"Just Keep Me Moving" is a song by Canadian singer-songwriter k.d. lang, co-written with Ben Mink. It was featured in the 1993 film Even Cowgirls Get the Blues, starring Uma Thurman, as well as the soundtrack album. The single was released in November 1993, and reached number six on the US Billboard Hot Dance Club Play chart and number seven on the Canadian RPM Adult Contemporary chart.

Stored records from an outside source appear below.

(* In the idealized setting described in the context, the PAIR framework uses at most $O(\lvert\mathcal S\rvert^2\log D)$ samples (rolled-out trajectories) to learn a policy $\pi$ such that $s\xrightarrow{\pi}g$ for every state $s$ and every goal $g$ reachable from $s$ (i.e. with $d(s,g)<\infty$).
   Context: Setting: a goal-conditioned Markov decision process with finite state space $\mathcal S$, finite action set $\mathcal A$, deterministic transitions, goal space $\mathcal G=\mathcal S$, and sparse reward $r(s,a,g)=\mathbb I\{s=g\}$. A policy is $\pi(a|s,g)$. Write $s\xrightarrow{\pi} g$ if, starting at $s_0=s$ and choosing $a_i\sim\pi(\cdot|s_i,g)$, $s_{i+1}\sim P(\cdot|s_i,a_i)$, the goal $g$ is reached with probability $1$. Let $d(s,s')$ be the minimum $t$ such that some policy reaches $s_t=s'$ from $s_0=s$ with probability $1$ ($+\infty$ if none), and $D=\max\{d(s,s'):d(s,s')<\infty\}$. Assumptions: the initial policy satisfies: if $P(s'|s,a)=1$ then $\pi^{(0)}(a|s,g=s')=1$. In each iteration every state-goal pair $(s,g)\in\mathcal S\times\mathcal S$ is sampled at least once and only a constant number of times. Idealized PAIR iteration $k$: for each pair $(s,g)$, roll out $\pi^{(k-1)}$ from $s$ toward $g$; if it succeeds the trajectory is added to the dataset; otherwise task reduction selects a subgoal $s'$ maximizing $V(s,s')\cdot V(s',g)$, where $V$ is the goal-conditioned value function (equal to $1$ exactly on pairs $(x,y)$ with $x\xrightarrow{\pi^{(k-1)}}y$), executes $\pi^{(k-1)}(\cdot|\cdot,s')$ from $s$ and then $\pi^{(k-1)}(\cdot|\cdot,g)$, and adds the resulting successful trajectory from $s$ to $g$ if any. The supervised learning step then produces $\pi^{(k)}$ with $s\xrightarrow{\pi^{(k)}}g$ for every pair $(s,g)$ for which the dataset contains a successful trajectory from $s$ to $g$. *)

theory Defs
  imports "HOL-Probability.Probability"
begin

text \<open>Deterministic goal-conditioned MDP: transition function step :: state => action => state.
  A (goal-conditioned, stochastic) policy is pol :: state => goal => action pmf, goals = states.\<close>

fun hit_prob :: "('s \<Rightarrow> 'a \<Rightarrow> 's) \<Rightarrow> ('s \<Rightarrow> 's \<Rightarrow> 'a pmf) \<Rightarrow> 's \<Rightarrow> nat \<Rightarrow> 's \<Rightarrow> real" where
  "hit_prob step pol g 0 s = (if s = g then 1 else 0)"
| "hit_prob step pol g (Suc t) s =
     (if s = g then 1 else measure_pmf.expectation (pol s g) (\<lambda>a. hit_prob step pol g t (step s a)))"

text \<open>s --pol--> g : the goal g is reached with probability 1 (probability of ever hitting g
  is the limit of the probabilities of hitting it by time t).\<close>
definition reaches :: "('s \<Rightarrow> 'a \<Rightarrow> 's) \<Rightarrow> ('s \<Rightarrow> 's \<Rightarrow> 'a pmf) \<Rightarrow> 's \<Rightarrow> 's \<Rightarrow> bool" where
  "reaches step pol s g \<longleftrightarrow> ((\<lambda>t. hit_prob step pol g t s) \<longlonglongrightarrow> 1)"

fun state_dist :: "('s \<Rightarrow> 'a \<Rightarrow> 's) \<Rightarrow> ('s \<Rightarrow> 's \<Rightarrow> 'a pmf) \<Rightarrow> 's \<Rightarrow> nat \<Rightarrow> 's \<Rightarrow> 's pmf" where
  "state_dist step pol g 0 s = return_pmf s"
| "state_dist step pol g (Suc t) s =
     bind_pmf (state_dist step pol g t s) (\<lambda>x. map_pmf (step x) (pol x g))"

definition dist :: "('s \<Rightarrow> 'a \<Rightarrow> 's) \<Rightarrow> 's \<Rightarrow> 's \<Rightarrow> enat" where
  "dist step s s' =
     (if \<exists>t pol. pmf (state_dist step pol s' t s) s' = 1
      then enat (LEAST t. \<exists>pol. pmf (state_dist step pol s' t s) s' = 1)
      else \<infinity>)"

definition diam :: "('s \<Rightarrow> 'a \<Rightarrow> 's) \<Rightarrow> nat" where
  "diam step = Max {m. \<exists>s s'. dist step s s' = enat m}"

end

theory Submission
  imports Defs "HOL-Library.Log_Nat"
begin

text \<open>Induction on k: the policy after k iterations reaches g from s whenever some walk of length
  at most 2^k leads from s to g. For the
  step, cut the walk at a midpoint m; both halves are reached by the current policy, so
  V(s,m) V(m,g) = 1, hence the maximising subgoal u also has V(s,u) V(u,g) = 1, both legs succeed,
  and (s,g) enters the dataset. After ceil(log2 D) iterations every reachable pair is solved, and
  each iteration rolls out at most 2c trajectories per pair (one direct attempt and at most one
  reduced one per sample).\<close>

definition transitions :: "('s \<Rightarrow> 'a \<Rightarrow> 's) \<Rightarrow> 's rel" where
  "transitions step = {(x, step x a) | x a. True}"

lemma state_dist_support_relpow:
  "x \<in> set_pmf (state_dist step pol g t s) \<Longrightarrow> (s, x) \<in> transitions step ^^ t"
  by (induction t arbitrary: x) (auto simp: transitions_def relcomp_unfold)

lemma dist_enat_relpow:
  assumes "dist step s g = enat t"
  shows "(s, g) \<in> transitions step ^^ t"
proof -
  have reachable: "\<exists>t pol. pmf (state_dist step pol g t s) g = 1"
    using assms unfolding dist_def by (auto split: if_splits)
  then have "t = (LEAST t. \<exists>pol. pmf (state_dist step pol g t s) g = 1)"
    using assms unfolding dist_def by simp
  then obtain pol where "pmf (state_dist step pol g t s) g = 1"
    using LeastI_ex[OF reachable] by auto
  then have "g \<in> set_pmf (state_dist step pol g t s)"
    by (simp add: set_pmf_iff)
  then show ?thesis
    by (rule state_dist_support_relpow)
qed

lemma dist_le_diam:
  fixes step :: "'s::finite \<Rightarrow> 'a \<Rightarrow> 's"
  assumes "dist step s g = enat t"
  shows "t \<le> diam step"
proof -
  have "{m. \<exists>s s'. dist step s s' = enat m} \<subseteq> range (\<lambda>(s, s'). the_enat (dist step s s'))"
    by (auto simp: image_iff) (metis the_enat.simps)
  then have "finite {m. \<exists>s s'. dist step s s' = enat m}"
    by (rule finite_subset) simp
  then show ?thesis
    unfolding diam_def using assms by (auto intro: Max_ge)
qed

lemma hit_prob_goal: "hit_prob step pol g t g = 1"
  by (cases t) auto

lemma reaches_refl: "reaches step pol g g"
  unfolding reaches_def hit_prob_goal by simp

lemma reaches_if_next_is_goal:
  assumes "\<And>b. b \<in> set_pmf (pol s g) \<Longrightarrow> step s b = g"
  shows "reaches step pol s g"
proof -
  have "hit_prob step pol g (Suc t) s = 1" for t
  proof (cases "s = g")
    case False
    have "measure_pmf.expectation (pol s g) (\<lambda>a. hit_prob step pol g t (step s a))
        = measure_pmf.expectation (pol s g) (\<lambda>a. 1)"
      by (rule integral_cong_AE) (auto simp: AE_measure_pmf_iff assms hit_prob_goal)
    then show ?thesis
      using False by simp
  qed simp
  then have "(\<lambda>t. hit_prob step pol g (Suc t) s) \<longlonglongrightarrow> 1"
    by simp
  then show ?thesis
    unfolding reaches_def by (rule LIMSEQ_imp_Suc)
qed

lemma unit_interval_mult_ge_one:
  fixes x y :: real
  assumes "0 \<le> x" "x \<le> 1" "0 \<le> y" "y \<le> 1" "1 \<le> x * y"
  shows "x = 1" "y = 1"
proof -
  have "x * y \<le> x" "x * y \<le> y"
    using assms by (simp_all add: mult_left_le mult_left_le_one_le)
  then show "x = 1" "y = 1"
    using assms by linarith+
qed

locale pair_iteration =
  fixes step :: "'s \<Rightarrow> 'a \<Rightarrow> 's"
    and pol :: "nat \<Rightarrow> 's \<Rightarrow> 's \<Rightarrow> 'a pmf"
    and V :: "nat \<Rightarrow> 's \<Rightarrow> 's \<Rightarrow> real"
    and sub :: "nat \<Rightarrow> 's \<Rightarrow> 's \<Rightarrow> 's"
    and data :: "nat \<Rightarrow> ('s \<times> 's) set"
  assumes init: "b \<in> set_pmf (pol 0 s (step s a)) \<Longrightarrow> step s b = step s a"
    and V_range: "0 \<le> V (Suc k) x y" "V (Suc k) x y \<le> 1"
    and V_one: "V (Suc k) x y = 1 \<longleftrightarrow> reaches step (pol k) x y"
    and sub_max: "\<not> reaches step (pol k) s g \<Longrightarrow>
      V (Suc k) s s' * V (Suc k) s' g \<le> V (Suc k) s (sub (Suc k) s g) * V (Suc k) (sub (Suc k) s g) g"
    and data_direct: "reaches step (pol k) s g \<Longrightarrow> (s, g) \<in> data (Suc k)"
    and data_reduce: "\<not> reaches step (pol k) s g \<Longrightarrow> reaches step (pol k) s (sub (Suc k) s g) \<Longrightarrow>
      reaches step (pol k) (sub (Suc k) s g) g \<Longrightarrow> (s, g) \<in> data (Suc k)"
    and learn: "(s, g) \<in> data (Suc k) \<Longrightarrow> reaches step (pol (Suc k)) s g"
begin

lemma reaches_initial:
  assumes "(s, g) \<in> transitions step ^^ t" "t \<le> 1"
  shows "reaches step (pol 0) s g"
proof -
  consider "t = 0" | "t = 1"
    using assms(2) by linarith
  then show ?thesis
  proof cases
    case 1
    then show ?thesis
      using assms(1) reaches_refl by simp
  next
    case 2
    then obtain a where "g = step s a"
      using assms(1) by (auto simp: transitions_def)
    then show ?thesis
      by (auto intro: reaches_if_next_is_goal dest: init)
  qed
qed

lemma reaches_Suc_trans:
  assumes "reaches step (pol k) s m" "reaches step (pol k) m g"
  shows "reaches step (pol (Suc k)) s g"
proof -
  have "(s, g) \<in> data (Suc k)"
  proof (cases "reaches step (pol k) s g")
    case True
    then show ?thesis
      by (rule data_direct)
  next
    case False
    let ?u = "sub (Suc k) s g"
    have "V (Suc k) s m = 1" "V (Suc k) m g = 1"
      using assms V_one by blast+
    then have "1 \<le> V (Suc k) s ?u * V (Suc k) ?u g"
      using sub_max[OF False, of m] by simp
    then have "V (Suc k) s ?u = 1" "V (Suc k) ?u g = 1"
      using unit_interval_mult_ge_one V_range by blast+
    then show ?thesis
      using False V_one data_reduce by blast
  qed
  then show ?thesis
    by (rule learn)
qed

lemma reaches_if_relpow_le_two_power:
  "(s, g) \<in> transitions step ^^ t \<Longrightarrow> t \<le> 2 ^ k \<Longrightarrow> reaches step (pol k) s g"
proof (induction k arbitrary: s g t)
  case 0
  then show ?case
    by (simp add: reaches_initial)
next
  case (Suc k)
  define t\<^sub>1 where "t\<^sub>1 = min t (2 ^ k)"
  have "t = t\<^sub>1 + (t - t\<^sub>1)" "t\<^sub>1 \<le> 2 ^ k" "t - t\<^sub>1 \<le> 2 ^ k"
    using Suc.prems(2) by (auto simp: t\<^sub>1_def)
  then obtain m where "(s, m) \<in> transitions step ^^ t\<^sub>1" "(m, g) \<in> transitions step ^^ (t - t\<^sub>1)"
    using Suc.prems(1) by (metis relpow_add relcompE prod.inject)
  then show ?case
    using Suc.IH \<open>t\<^sub>1 \<le> 2 ^ k\<close> \<open>t - t\<^sub>1 \<le> 2 ^ k\<close> by (blast intro: reaches_Suc_trans)
qed

end

lemma sum_sample_counts_le:
  fixes n :: "nat \<Rightarrow> 'b::finite \<Rightarrow> 'b \<Rightarrow> nat"
  assumes "\<And>k s g. k \<ge> 1 \<Longrightarrow> n k s g \<le> c"
  shows "(\<Sum>k\<in>{1..K}. \<Sum>p\<in>(UNIV :: ('b \<times> 'b) set). 2 * n k (fst p) (snd p))
    \<le> 2 * c * CARD('b) ^ 2 * K"
proof -
  have "(\<Sum>k\<in>{1..K}. \<Sum>p\<in>(UNIV :: ('b \<times> 'b) set). 2 * n k (fst p) (snd p))
      \<le> (\<Sum>k\<in>{1..K}. \<Sum>p\<in>(UNIV :: ('b \<times> 'b) set). 2 * c)"
    using assms by (intro sum_mono) auto
  also have "\<dots> = 2 * c * CARD('b) ^ 2 * K"
    by (simp flip: UNIV_Times_UNIV add: card_cartesian_product power2_eq_square)
  finally show ?thesis .
qed

lemma ceillog2_le_twice_log: "real (ceillog2 D) \<le> 2 * log 2 (real D)"
proof (cases "D \<le> 1")
  case True
  then show ?thesis
    by (cases "D = 0") (auto simp: log_def)
next
  case False
  then have "1 \<le> log 2 (real D)"
    by simp
  moreover have "real (ceillog2 D) < log 2 (real D) + 1"
    using False by (intro ceillog2_less_log) simp
  ultimately show ?thesis
    by linarith
qed

theorem lemmaA2:
  fixes step :: "'s::finite \<Rightarrow> 'a::finite \<Rightarrow> 's"
    and pol :: "nat \<Rightarrow> 's \<Rightarrow> 's \<Rightarrow> 'a pmf"
    and V :: "nat \<Rightarrow> 's \<Rightarrow> 's \<Rightarrow> real"
    and sub :: "nat \<Rightarrow> 's \<Rightarrow> 's \<Rightarrow> 's"
    and data :: "nat \<Rightarrow> ('s \<times> 's) set"
    and n :: "nat \<Rightarrow> 's \<Rightarrow> 's \<Rightarrow> nat"
    and c :: nat
  assumes init: "\<And>s a b. b \<in> set_pmf (pol 0 s (step s a)) \<Longrightarrow> step s b = step s a"
    and V_range: "\<And>k x y. k \<ge> 1 \<Longrightarrow> 0 \<le> V k x y \<and> V k x y \<le> 1"
    and V_one: "\<And>k x y. k \<ge> 1 \<Longrightarrow> (V k x y = 1 \<longleftrightarrow> reaches step (pol (k - 1)) x y)"
    and sub_max: "\<And>k s g s'. k \<ge> 1 \<Longrightarrow> \<not> reaches step (pol (k - 1)) s g \<Longrightarrow>
                    V k s s' * V k s' g \<le> V k s (sub k s g) * V k (sub k s g) g"
    and data_direct: "\<And>k s g. k \<ge> 1 \<Longrightarrow> reaches step (pol (k - 1)) s g \<Longrightarrow> (s, g) \<in> data k"
    and data_reduce: "\<And>k s g. k \<ge> 1 \<Longrightarrow> \<not> reaches step (pol (k - 1)) s g \<Longrightarrow>
                    reaches step (pol (k - 1)) s (sub k s g) \<Longrightarrow>
                    reaches step (pol (k - 1)) (sub k s g) g \<Longrightarrow> (s, g) \<in> data k"
    and learn: "\<And>k s g. k \<ge> 1 \<Longrightarrow> (s, g) \<in> data k \<Longrightarrow> reaches step (pol k) s g"
    and samples: "\<And>k s g. k \<ge> 1 \<Longrightarrow> 1 \<le> n k s g \<and> n k s g \<le> c"
  shows "\<exists>K. (\<forall>s g. dist step s g \<noteq> \<infinity> \<longrightarrow> reaches step (pol K) s g) \<and>
             real (\<Sum>k\<in>{1..K}. \<Sum>p\<in>(UNIV :: ('s \<times> 's) set). 2 * n k (fst p) (snd p))
               \<le> 4 * real c * real (CARD('s))^2 * log 2 (real (diam step))"
proof -
  interpret pair_iteration step pol V sub data
    by unfold_locales (use init V_range V_one sub_max data_direct data_reduce learn in auto)
  define K where "K = ceillog2 (diam step)"
  have solved: "reaches step (pol K) s g" if finite_dist: "dist step s g \<noteq> \<infinity>" for s g
  proof -
    obtain t where t: "dist step s g = enat t"
      using finite_dist by auto
    show ?thesis
      using dist_enat_relpow[OF t] dist_le_diam[OF t] le_two_power_ceillog2[of "diam step"]
      by (auto simp: K_def intro: reaches_if_relpow_le_two_power)
  qed
  have "real (\<Sum>k\<in>{1..K}. \<Sum>p\<in>(UNIV :: ('s \<times> 's) set). 2 * n k (fst p) (snd p))
      \<le> real (2 * c * CARD('s) ^ 2 * K)"
    using samples by (intro of_nat_mono sum_sample_counts_le) auto
  also have "\<dots> = (2 * real c * real CARD('s) ^ 2) * real (ceillog2 (diam step))"
    by (simp add: K_def)
  also have "\<dots> \<le> 4 * real c * real CARD('s) ^ 2 * log 2 (real (diam step))"
    using mult_left_mono[OF ceillog2_le_twice_log[of "diam step"], of "2 * real c * real CARD('s) ^ 2"]
    by (simp add: mult_ac)
  finally show ?thesis
    using solved by blast
qed

end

In Europe, it peaked at number 59 on the UK Singles Chart, but was more successful on the UK Dance Singles Chart, peaking at number 35. A music video was produced to promote the single.

Critical reception
Larry Flick from Billboard commented, "Betcha thought it would never happen. Torch diva lang slips into an intense deep-house groove with a lot more ease than you might expect. Redressing of a disco-minded cut from the Even Cowgirls Get the Blues soundtrack is an essential peak-hour entry, thanks to hearty bottom and moody keyboards. Radio may dig the equally jammin' hip-hop remixes. Gag on it, kiddies." Ben Thompson from The Independent wrote, "Her swooning and, well, langorous vocal performances on songs such as "Lifted by Love" and "Just Keep Me Moving" are the perfect complement to the film's mood of dreamy sensuality, and also stand up well on their own." 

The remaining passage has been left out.